The Weakest Square (pt. 2)
The erosion of human endeavour by agentic automation. An exploration continued by Jake Jones.
The ChatGPT moment
It was a rainy day in Paris in November 2022 when AI first passed the Turing test. That morning, my co-founder Lili asked if I had seen the latest model release from OpenAI.
They’re calling it ChatGPT, she said. Because, you can just… talk to it.
I said, It’s just a chatbot?
She shrugged.
Later, it was raining and growing dark. I found shelter in a café and ordered a filter coffee and perched on a stool by the window facing the Paris streets and flipped open my laptop and searched “ChatGPT”.
Hello, I typed.
ChatGPT responded, Hey there! How can I help you today? :)
Some time later I glanced at my phone and noticed two hours had passed and my coffee was cold and untouched. In those two hours I learned that under the right conditions AI now could absolutely, unequivocally pass for a human operator. I also learned that for anything material, it was utterly useless.
I breathed a sigh of relief.
Two weeks later, we pivoted the entire company to AI.
The Ceiling
I wasn’t worried. For me, this was a new technology paradigm and the opportunity was immense and the outputs of these models were impressive, in many cases inexplicably so, but at no point in those early days did I perceive large language models as anything more than clever algorithms, better computers.
I remember listening to Roger Penrose on a podcast. I was on the U-Bahn and it was dark outside so I could see myself in the black mirror of the train window dark eyed and tired. Penrose described consciousness as non-computable. He said, The human mind is not an algorithm, you can’t make sense of it so simply as circuitry. He said, There is something happening when we think, really think, that cannot be reproduced by making a algorithm more complex or more complete.
I forget the detail now, but it was something about the physics of it. The term “Orch OR”. Something fundamental happening at a level so unimaginably small that everything Newton taught us got turned on its head.
What I took from this: There was a ceiling to what silicon could do, and everything that mattered about being human was above it.
Nearly two years passed.
The models got deeper. I watched them get better at contract review. At summarising case law. At triaging legal queries that would have taken a junior lawyer an afternoon.
Then one afternoon I asked a model to write a poem in the style of Philip Larkin.
The poem appeared in seven seconds. It wasn’t Larkin. But it had the rhythm. It had the resignation. It had that thing he does where a line turns ordinary and devastating at the same time.
It was not a good poem. Instead, it had the shimmer of greatness.
I read it twice. I searched for the seam, the place where the machine showed through.
I couldn’t find it.
But this thing poets do, I thought. That is not computable.
The weakest square
There is a concept in mathematics called the coastline paradox. Measure the coast of Britain with a mile-long ruler and you get one number. Measure it with a foot-long ruler and you get a larger number. Measure it with a ruler the length of a grain of sand and the coast is longer still. The closer you look, the more structure you find. There is no point at which the detail resolves into smoothness. It is structure all the way down.

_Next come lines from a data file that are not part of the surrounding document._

definition neg_spectral_projector :: "nat \<Rightarrow> complex mat \<Rightarrow> complex mat \<Rightarrow> bool" where
  "neg_spectral_projector n H P \<longleftrightarrow> P \<in> carrier_mat n n \<and> P * P = P \<and> hermitian_mat n P \<and>
     {P *\<^sub>v v | v. v \<in> carrier_vec n} = neg_eigenspace n H"

end

theory Submission
  imports Defs "Jordan_Normal_Form.Spectral_Radius" "HOL-Analysis.Generalised_Binomial_Theorem"
begin

text \<open>
  The proof is by polynomial approximation of the sign function. On \<open>a \<le> |r| \<le> b\<close> one has
  \<open>sgn r = (r/\<surd>c) (1 - 2u t(r) + u\<^sup>2) powr (-1/2)\<close> with \<open>u = (b-a)/(b+a)\<close>, \<open>c = ((a+b)/2)\<^sup>2\<close>
  and an affine \<open>t(r) \<in> [-1,1]\<close> of \<open>r\<^sup>2\<close>; expanding with the generating function of the Legendre
  polynomials gives odd polynomials \<open>S\<^sub>K\<close> of degree \<open>2K-1\<close> with \<open>|sgn r - S\<^sub>K(r)| \<le> E \<xi>^-K\<close>
  for every \<open>\<xi> < 1/u\<close> (first part). On the matrix side (second part), the spectral theorem gives
  an orthonormal eigenbasis of \<open>H\<close>, in which both \<open>I - 2P\<close> and \<open>S\<^sub>K(H)\<close> are diagonal; hence
  every entry of \<open>I - 2P - S\<^sub>K(H)\<close> is at most \<open>E \<xi>^-K\<close>. Since \<open>S\<^sub>K(H)\<close> is \<open>(2K-1)m\<close>-banded,
  choosing \<open>K = \<lfloor>|i-j|/(2m)\<rfloor>\<close> bounds \<open>|P\<^sub>i\<^sub>j|\<close> by \<open>C \<xi>^(-|i-j|/(2m))\<close> uniformly in \<open>n\<close>.
\<close>

unbundle no vec_syntax

section \<open>Chebyshev and Legendre polynomials\<close>

fun cheb :: "nat \<Rightarrow> real \<Rightarrow> real" where
  "cheb 0 x = 1"
| "cheb (Suc 0) x = x"
| "cheb (Suc (Suc k)) x = 2 * x * cheb (Suc k) x - cheb k x"

lemma cheb_cos: "cheb k (cos \<theta>) = cos (real k * \<theta>)"
proof (induction k rule: induct_nat_012)
  case (ge2 k)
  have "cos (real (Suc (Suc k)) * \<theta>) = 2 * cos \<theta> * cos (real (Suc k) * \<theta>) - cos (real k * \<theta>)"
    using cos_add[of "real (Suc k) * \<theta>" \<theta>] cos_diff[of "real (Suc k) * \<theta>" \<theta>]
    by (simp add: algebra_simps)
  then show ?case using ge2 by simp
qed simp_all

lemma cheb_bound: assumes "-1 \<le> t" "t \<le> 1" shows "\<bar>cheb k t\<bar> \<le> 1"
  using cheb_cos[of k "arccos t"] assms by simp

text \<open>Taylor coefficients of \<open>(1 - z) powr (-1/2)\<close>; they all lie in \<open>[0,1]\<close>.\<close>
definition isqrt_coeff :: "nat \<Rightarrow> real" where
  "isqrt_coeff k = (-1)^k * ((-1/2) gchoose k)"

lemma isqrt_coeff_Suc: "isqrt_coeff (Suc k) = isqrt_coeff k * ((real k + 1/2) / (real k + 1))"
proof -
  have "(-1/2::real) * ((-1/2) gchoose k) = of_nat k * ((-1/2) gchoose k) + of_nat (Suc k) * ((-1/2) gchoose (Suc k))"
    by (rule gbinomial_mult_1)
  hence "(real k + 1) * ((-1/2::real) gchoose (Suc k)) = - (real k + 1/2) * ((-1/2) gchoose k)"
    by (simp add: algebra_simps)
  hence "((-1/2::real) gchoose (Suc k)) = - ((-1/2) gchoose k) * ((real k + 1/2) / (real k + 1))"
    by (simp add: field_simps)
  thus ?thesis unfolding isqrt_coeff_def by simp
qed

text \<open>By the ratio formula, \<open>1 = c\<^sub>0 \<ge> c\<^sub>1 \<ge> \<dots> \<ge> 0\<close>.\<close>
lemma isqrt_coeff_bounds: "0 \<le> isqrt_coeff k \<and> isqrt_coeff k \<le> 1"
proof (induction k)
  case (Suc k)
  have f: "0 \<le> (real k + 1/2) / (real k + 1)" "(real k + 1/2) / (real k + 1) \<le> 1"
    by (auto simp: field_simps)
  have "isqrt_coeff k * ((real k + 1/2) / (real k + 1)) \<le> 1 * 1"
    by (rule mult_mono) (use Suc f in auto)
  thus ?case unfolding isqrt_coeff_Suc using Suc f by simp
qed (simp add: isqrt_coeff_def)

lemma isqrt_series: fixes z :: complex assumes "norm z < 1"
  shows "(\<lambda>k. of_real (isqrt_coeff k) * z^k) sums ((1 - z) powr (-1/2))"
proof -
  have coeff: "((-1/2::complex) gchoose k) * (-z)^k = of_real (isqrt_coeff k) * z^k" for k
  proof -
    have "((-1/2::complex) gchoose k) = of_real ((-1/2::real) gchoose k)"
      by (simp add: gbinomial_prod_rev)
    moreover have "complex_of_real (isqrt_coeff k) = (-1)^k * of_real ((-1/2::real) gchoose k)"
      unfolding isqrt_coeff_def by simp
    ultimately show ?thesis by (simp only: power_minus[of z] mult_ac)
  qed
  have "(\<lambda>k. ((-1/2::complex) gchoose k) * (-z)^k) sums (1 + - z) powr (-1/2)"
    by (rule gen_binomial_complex) (use assms in simp)
  thus ?thesis unfolding coeff by simp
qed

lemma cos_abs_mult: "cos (\<bar>x\<bar> * \<theta>) = cos (x * (\<theta>::real))"
proof (cases "0 \<le> x")
  case False
  hence "\<bar>x\<bar> * \<theta> = - (x * \<theta>)" by simp
  thus ?thesis by (simp only: cos_minus)
qed simp

lemma re_power_cnj_power:
  assumes "i \<le> k"
  shows "Re ((of_real u * cis \<theta>)^i * cnj (of_real u * cis \<theta>)^(k-i))
           = u^k * cheb (nat \<bar>2 * int i - int k\<bar>) (cos \<theta>)"
proof -
  have "(of_real u * cis \<theta>)^i * cnj (of_real u * cis \<theta>)^(k-i)
          = complex_of_real (u^i * u^(k-i)) * (cis (real i * \<theta>) * cis (- (real (k-i) * \<theta>)))"
    using Complex.DeMoivre[of \<theta> i] Complex.DeMoivre[of "-\<theta>" "k-i"]
    by (simp add: power_mult_distrib cis_cnj)
  also have "u^i * u^(k-i) = u^k" using assms by (simp flip: power_add)
  also have "cis (real i * \<theta>) * cis (- (real (k-i) * \<theta>)) = cis ((real i - real (k-i)) * \<theta>)"
    by (simp add: cis_mult algebra_simps)
  finally have "Re ((of_real u * cis \<theta>)^i * cnj (of_real u * cis \<theta>)^(k-i))
                  = u^k * cos ((real i - real (k-i)) * \<theta>)" by simp
  also have "real (nat \<bar>2 * int i - int k\<bar>) = \<bar>real i - real (k-i)\<bar>" using assms by auto
  hence "cos ((real i - real (k-i)) * \<theta>) = cheb (nat \<bar>2 * int i - int k\<bar>) (cos \<theta>)"
    unfolding cheb_cos by (simp only: cos_abs_mult)
  finally show ?thesis .
qed

lemma norm_one_minus_cis_sq: "(cmod (1 - of_real u * cis \<theta>))^2 = 1 - 2 * u * cos \<theta> + u^2"
proof -
  have "(cmod (1 - of_real u * cis \<theta>))^2 = (1 - u * cos \<theta>)^2 + (u * sin \<theta>)^2"
    unfolding cmod_power2 by simp
  also have "\<dots> = 1 - 2 * u * cos \<theta> + u^2 * ((sin \<theta>)^2 + (cos \<theta>)^2)"
    by (simp add: power2_eq_square algebra_simps del: sin_cos_squared_add sin_cos_squared_add3)
  finally show ?thesis by simp
qed

text \<open>The Legendre polynomial \<open>P\<^sub>k\<close> in its Laplace--Heine form
  \<open>P\<^sub>k(cos \<theta>) = \<Sum>\<^sub>i c\<^sub>i c\<^sub>k\<^sub>-\<^sub>i cos((k - 2i)\<theta>)\<close>, with \<open>c\<^sub>i\<close> the coefficients above.\<close>
definition legendre :: "nat \<Rightarrow> real \<Rightarrow> real" where
  "legendre k t = (\<Sum>i\<le>k. isqrt_coeff i * isqrt_coeff (k-i) * cheb (nat \<bar>2 * int i - int k\<bar>) t)"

This is what is happening to work.
Before AI, automation could only see with the mile-long ruler. Workflows. Processes. Big visible blocks of repetition: move this file here, send this email there, run this calculation every month. If a task had any texture to it, any ambiguity, any moment where a human had to pause and decide, it was safe. Automation couldn’t zoom in far enough to see the structure inside the decision.
AI is a shorter ruler.
What looked like a single act of judgement (a lawyer reading a contract, an analyst weighing a risk, a strategist choosing a direction) turns out, when you zoom in far enough, to have structure. Not obvious structure. Not the kind you can draw on a whiteboard. But structure. A series of micro-decisions, each one following a logic, each one decomposable into something that looks, at sufficient magnification, like: if this, then that.
The work was never simple. I am not saying that. The work was genuinely, legitimately complex. But complexity is not the same thing as non-computability. Complexity just means the ruler needs to be shorter.
And the ruler is getting shorter every day.